The algorithm developed in this work takes into account the bone structure in the femoral neck area. It is applied for automatic detection of human femoral head far cortex. It works without the need for fluoroscopic control during the drilling process. Thus, the hole depth is optimized and the risk of penetration into the joint capsule is eliminated. As a result, information about the maximal hole depth which could be reached is obtained. Such information allows determining and calculating the right screw or implant size. This ensures its positioning in the desired hip head area and, consequently, maximal fixation strength. In case of inability to detect the head far cortex, the risk of penetration into the joint capsule is reduced to a minimum by software limitation of the maximal hole depth. The robot is responsible for this protection. Moreover, the automatic femoral head drilling decreases the operative time and minimizes the X-ray exposure of the patient and especially, of the surgical team. To the best of our knowledge, such an approach is proposed here for the first time. The known approaches for automatic bone drilling concern determination of the outer bone wall – where the drill bit goes out of the bone, i.e. the breakthrough [20–22].

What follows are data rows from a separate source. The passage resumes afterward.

lemma real_cond_exp_on_atom:
  assumes [measurable]: "g \<in> borel_measurable M"
    and int: "integrable M (\<lambda>x. g x * indicator (A n) x)"
  shows "AE x in M. x \<in> A n \<longrightarrow>
    real_cond_exp M F g x = (\<integral>x. g x * indicator (A n) x \<partial>M) / measure M (A n)"
proof -
  have avg: "enn2real (set_nn_integral M (A n) (\<lambda>x. ennreal (h x)) / emeasure M (A n))
      = enn2real (\<integral>\<^sup>+x. ennreal (h x * indicator (A n) x) \<partial>M) / measure M (A n)" for h
    unfolding emeasure_atom_eq enn2real_divide_ennreal[OF measure_atom_pos]
    by (auto intro!: arg_cong[where f=enn2real] nn_integral_cong simp: indicator_def)
  have "(\<integral>x. g x * indicator (A n) x \<partial>M)
      = enn2real (\<integral>\<^sup>+x. ennreal (g x * indicator (A n) x) \<partial>M)
        - enn2real (\<integral>\<^sup>+x. ennreal (- g x * indicator (A n) x) \<partial>M)"
    using real_lebesgue_integral_def[OF int] by simp
  then have avg_eq: "(\<integral>x. g x * indicator (A n) x \<partial>M) / measure M (A n)
      = enn2real (set_nn_integral M (A n) (\<lambda>x. ennreal (g x)) / emeasure M (A n))
        - enn2real (set_nn_integral M (A n) (\<lambda>x. ennreal (- g x)) / emeasure M (A n))"
    unfolding avg by (simp add: diff_divide_distrib)
  have "AE x in M. \<forall>n. x \<in> A n \<longrightarrow> nn_cond_exp M F (\<lambda>x. ennreal (g x)) x
      = set_nn_integral M (A n) (\<lambda>x. ennreal (g x)) / emeasure M (A n)"
    "AE x in M. \<forall>n. x \<in> A n \<longrightarrow> nn_cond_exp M F (\<lambda>x. ennreal (- g x)) x
      = set_nn_integral M (A n) (\<lambda>x. ennreal (- g x)) / emeasure M (A n)"
    by (intro nn_cond_exp_on_atoms; measurable)+
  then show ?thesis
    unfolding real_cond_exp_def avg_eq by eventually_elim auto
qed
lemma cube_morphismI:
  assumes "\<And>v. length v = m \<Longrightarrow> length (f v) = n"
    and "\<And>j. j < n \<Longrightarrow> literal_coord m (\<lambda>v. f v ! j)"
  shows "cube_morphism m n f"
proof -
  have "\<forall>j\<in>{..<n}. \<exists>aB :: int \<times> (nat \<Rightarrow> int).
      \<forall>v\<in>vertices m. of_bool (f v ! j) = fst aB + (\<Sum>i<m. snd aB i * of_bool (v ! i))"
    using literal_coord_affine[OF assms(2)] by force
  from bchoice[OF this] obtain aB :: "nat \<Rightarrow> int \<times> (nat \<Rightarrow> int)" where
    "\<forall>j\<in>{..<n}. \<forall>v\<in>vertices m.
       of_bool (f v ! j) = fst (aB j) + (\<Sum>i<m. snd (aB j) i * of_bool (v ! i))"
    by blast
  then show ?thesis using assms(1) unfolding cube_morphism_def by auto
qed

lemma cube_morphism_face0: "i \<le> m \<Longrightarrow> cube_morphism m (Suc m) (face0 i)"
proof (rule cube_morphismI)
  fix j assume "i \<le> m" "j < Suc m"
  then consider "j < i" | "j = i" | "i < j" "j - 1 < m" by linarith
  then show "literal_coord m (\<lambda>v. face0 i v ! j)"
  proof cases
    case 1
    then show ?thesis using \<open>i \<le> m\<close> by (intro literal_coordI_nth[of j _ _ id]) (simp_all add: nth_face0)
  next
    case 2
    then show ?thesis using \<open>i \<le> m\<close> by (intro literal_coordI_const[of _ _ False]) (simp add: nth_face0)
  next
    case 3
    then show ?thesis using \<open>j < Suc m\<close>
      by (intro literal_coordI_nth[of "j - 1" _ _ id]) (simp_all add: nth_face0)
  qed
qed simp

lemma cube_morphism_list_update: "d < n \<Longrightarrow> cube_morphism n n (\<lambda>v. v[d := g (v ! d)])"
proof (rule cube_morphismI)
  fix j assume "d < n" "j < n"
  show "literal_coord n (\<lambda>v. v[d := g (v ! d)] ! j)"
  proof (cases "j = d")
    case True
    then show ?thesis using \<open>d < n\<close> by (intro literal_coordI_nth[of d _ _ g]) simp_all
  next
    case False
    then show ?thesis using \<open>j < n\<close> by (intro literal_coordI_nth[of j _ _ id]) simp_all
  qed
qed simp

lemma cube_morphism_take: "k \<le> m \<Longrightarrow> cube_morphism m k (take k)"
proof (rule cube_morphismI)
  fix j assume "k \<le> m" "j < k"
  then show "literal_coord m (\<lambda>v. take k v ! j)"
    by (intro literal_coordI_nth[of j _ _ id]) simp_all
qed simp

lemma cube_morphism_snoc: "d < n \<Longrightarrow> cube_morphism n (Suc n) (\<lambda>v. v @ [g (v ! d)])"
proof (rule cube_morphismI)
  fix j assume "d < n" "j < Suc n"
  show "literal_coord n (\<lambda>v. (v @ [g (v ! d)]) ! j)"
  proof (cases "j < n")
    case True
    then show ?thesis by (intro literal_coordI_nth[of j _ _ id]) (simp_all add: nth_append)
  next
    case False
    then show ?thesis using \<open>d < n\<close> \<open>j < Suc n\<close>
      by (intro literal_coordI_nth[of d _ _ g]) (simp_all add: nth_append)
  qed
qed simp
lemma second_factor_in_span:
  assumes "k \<in> Zzero" and "v \<bullet> v = 1" and "rvec k \<bullet> v \<noteq> 0"
    and "\<forall>i\<in>{1..<CARD('n)}. (0, (rvec k \<bullet> v) *\<^sub>R Proj v (\<gamma> k i)) \<in> span S"
    and "w \<bullet> v = 0"
  shows "(0, w) \<in> span S"
proof -
  let ?t = "rvec k \<bullet> v"
  obtain g where "g \<bullet> rvec k = 0" and g_w: "Proj v g = w"
    using hyperplane_subset_Proj_image[OF assms(2,3)] assms(5) by blast
  have "(\<lambda>g. (0, ?t *\<^sub>R Proj v g)) ` span (\<gamma> k ` {1..<CARD('n)}) \<subseteq> span S"
    by (rule linear_image_span_subset[OF linearI])
      (use assms(4) in \<open>auto simp: linear_add[OF linear_Proj] linear_scale[OF linear_Proj] algebra_simps\<close>)
  moreover have "g \<in> span (\<gamma> k ` {1..<CARD('n)})"
    using span_gamma_eq_hyperplane[OF assms(1)] \<open>g \<bullet> rvec k = 0\<close> by simp
  ultimately have "(0, ?t *\<^sub>R w) \<in> span S"
    using g_w by auto
  then have "(1 / ?t) *\<^sub>R (0, ?t *\<^sub>R w) \<in> span S"
    by (rule span_scale)
  then show ?thesis
    using assms(3) by simp
qed

end

theorem lemma5p3:
  fixes \<gamma> :: "int^('n::{finite,linorder}) \<Rightarrow> nat \<Rightarrow> real^('n::{finite,linorder})"
    and kv :: "nat \<Rightarrow> int^('n::{finite,linorder})"
    and x v :: "real^('n::{finite,linorder})"
  assumes "CARD('n::{finite,linorder}) = 2 \<or> CARD('n::{finite,linorder}) = 3"
    and "admissible_gamma \<gamma>"
    and "\<forall>j\<in>{1..CARD('n::{finite,linorder})}. kv j \<in> Zzero"
    and "inj_on (\<lambda>j. rvec (kv j)) {1..CARD('n::{finite,linorder})}"
    and "independent ((\<lambda>j. rvec (kv j)) ` {1..CARD('n::{finite,linorder})})"
    and "norm v = 1"
  shows "span {Yfield \<gamma> k i x v | k i.
                k \<in> kv ` {1..CARD('n::{finite,linorder})} \<union> uminus ` kv ` {1..CARD('n::{finite,linorder})} \<and> i \<in> {1..<CARD('n::{finite,linorder})}}
         = UNIV \<times> {w. w \<bullet> v = 0}"
proof -
  define I where "I = {1..CARD('n)}"
  define K where "K = kv ` I \<union> uminus ` kv ` I"
  define S where "S = {Yfield \<gamma> k i x v | k i. k \<in> K \<and> i \<in> {1..<CARD('n)}}"
  have v_unit: "v \<bullet> v = 1"
    using assms(6) by (simp add: norm_eq_1)
  have K: "K \<subseteq> Zzero" "uminus ` K \<subseteq> K"
    using assms(3) by (auto simp: K_def I_def Zzero_def)
  note components = Yfield_components_in_span[OF assms(2) K, where x = x and v = v, folded S_def]
  have "kv ` I \<subseteq> K"
    by (simp add: K_def)
  have "1 \<in> I" and "2 \<in> I"
    using assms(1) by (auto simp: I_def)
  then have "rvec (kv 1) \<notin> span {rvec (kv 2)}"
    using independent_image_not_in_span_singleton[OF assms(5,4), of 1 2] unfolding I_def by simp
  then have first: "(w, 0) \<in> span S" for w
    using components(1) K(1) \<open>kv ` I \<subseteq> K\<close> \<open>1 \<in> I\<close> \<open>2 \<in> I\<close>
    by (intro first_factor_in_span[OF assms(2)]) auto
  have "v \<noteq> 0"
    using assms(6) by auto
  then have "\<exists>j\<in>I. rvec (kv j) \<bullet> v \<noteq> 0"
    unfolding I_def by (intro exists_inner_nonzero_if_independent_image[OF assms(5,4)]) simp_all
  then obtain j where "j \<in> I" and "rvec (kv j) \<bullet> v \<noteq> 0"
    by blast
  have second: "(0, w) \<in> span S" if "w \<bullet> v = 0" for w
    by (rule second_factor_in_span[OF assms(2) _ v_unit \<open>rvec (kv j) \<bullet> v \<noteq> 0\<close> _ that])
      (use components(2) K(1) \<open>kv ` I \<subseteq> K\<close> \<open>j \<in> I\<close> in auto)
  have "span S \<subseteq> UNIV \<times> {w. w \<bullet> v = 0}"
    unfolding S_def by (rule span_Yfield_subset_tangent[OF v_unit])
  moreover have "(w, u) \<in> span S" if "u \<bullet> v = 0" for w u
    using span_add[OF first second[OF that]] by simp
  ultimately show ?thesis
    unfolding S_def K_def I_def by blast
qed

end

Up to now, we have developed algorithms for the common approach in automatic femur bone drilling: drilling only the first cortex or both cortices, setting the desired drilling depth for specific screws at a fixed preset value etc. [13]. In future, we are planning to combine these algorithms with the one developed here, i.e. starting ‘as usual’ through the femur, followed by registration of the femur neck and then applying the new algorithm for the femoral head. This has the potential of becoming a successful method of automatic bone drilling for placing the implant in optimal position without (or with minimal) fluoroscopic control and without capsule penetration.

Conclusions

To the best of our knowledge, this is the first report of an algorithm for automatic human femoral head far cortex detection that is based on the bone structure in the femoral neck area. The approach applied here has the advantage of predicting the optimal hole depth, coupled with eliminating (or minimizing) the need for fluoroscopic control during the drilling process and the risk of capsule penetration. This makes it possible to determine and calculate the most appropriate screw or implant size and ensures maximal fixation strength through precise positioning in the desired area of the hip head. The robotized device furthermore includes software limitation of the maximal hole depth in order to eliminate the risk of penetration into the joint capsule even in cases when the algorithm is unable to detect the head far cortex. What is more, the automatic femoral head drilling decreases the operative time and minimizes the X-ray exposure of both the patient and the surgical team. Future work will focus on combining the algorithm proposed here with previous ones with the aim to develop a reliable method of automatic bone drilling for placing the implant in optimal position without (or with minimal) fluoroscopic control and without capsule penetration.

Disclosure statement

No potential conflict of interest was reported by the authors.

Additional information

Funding

This work is supported by Sofia University, Bulgaria [grant number 80-10-233/2017].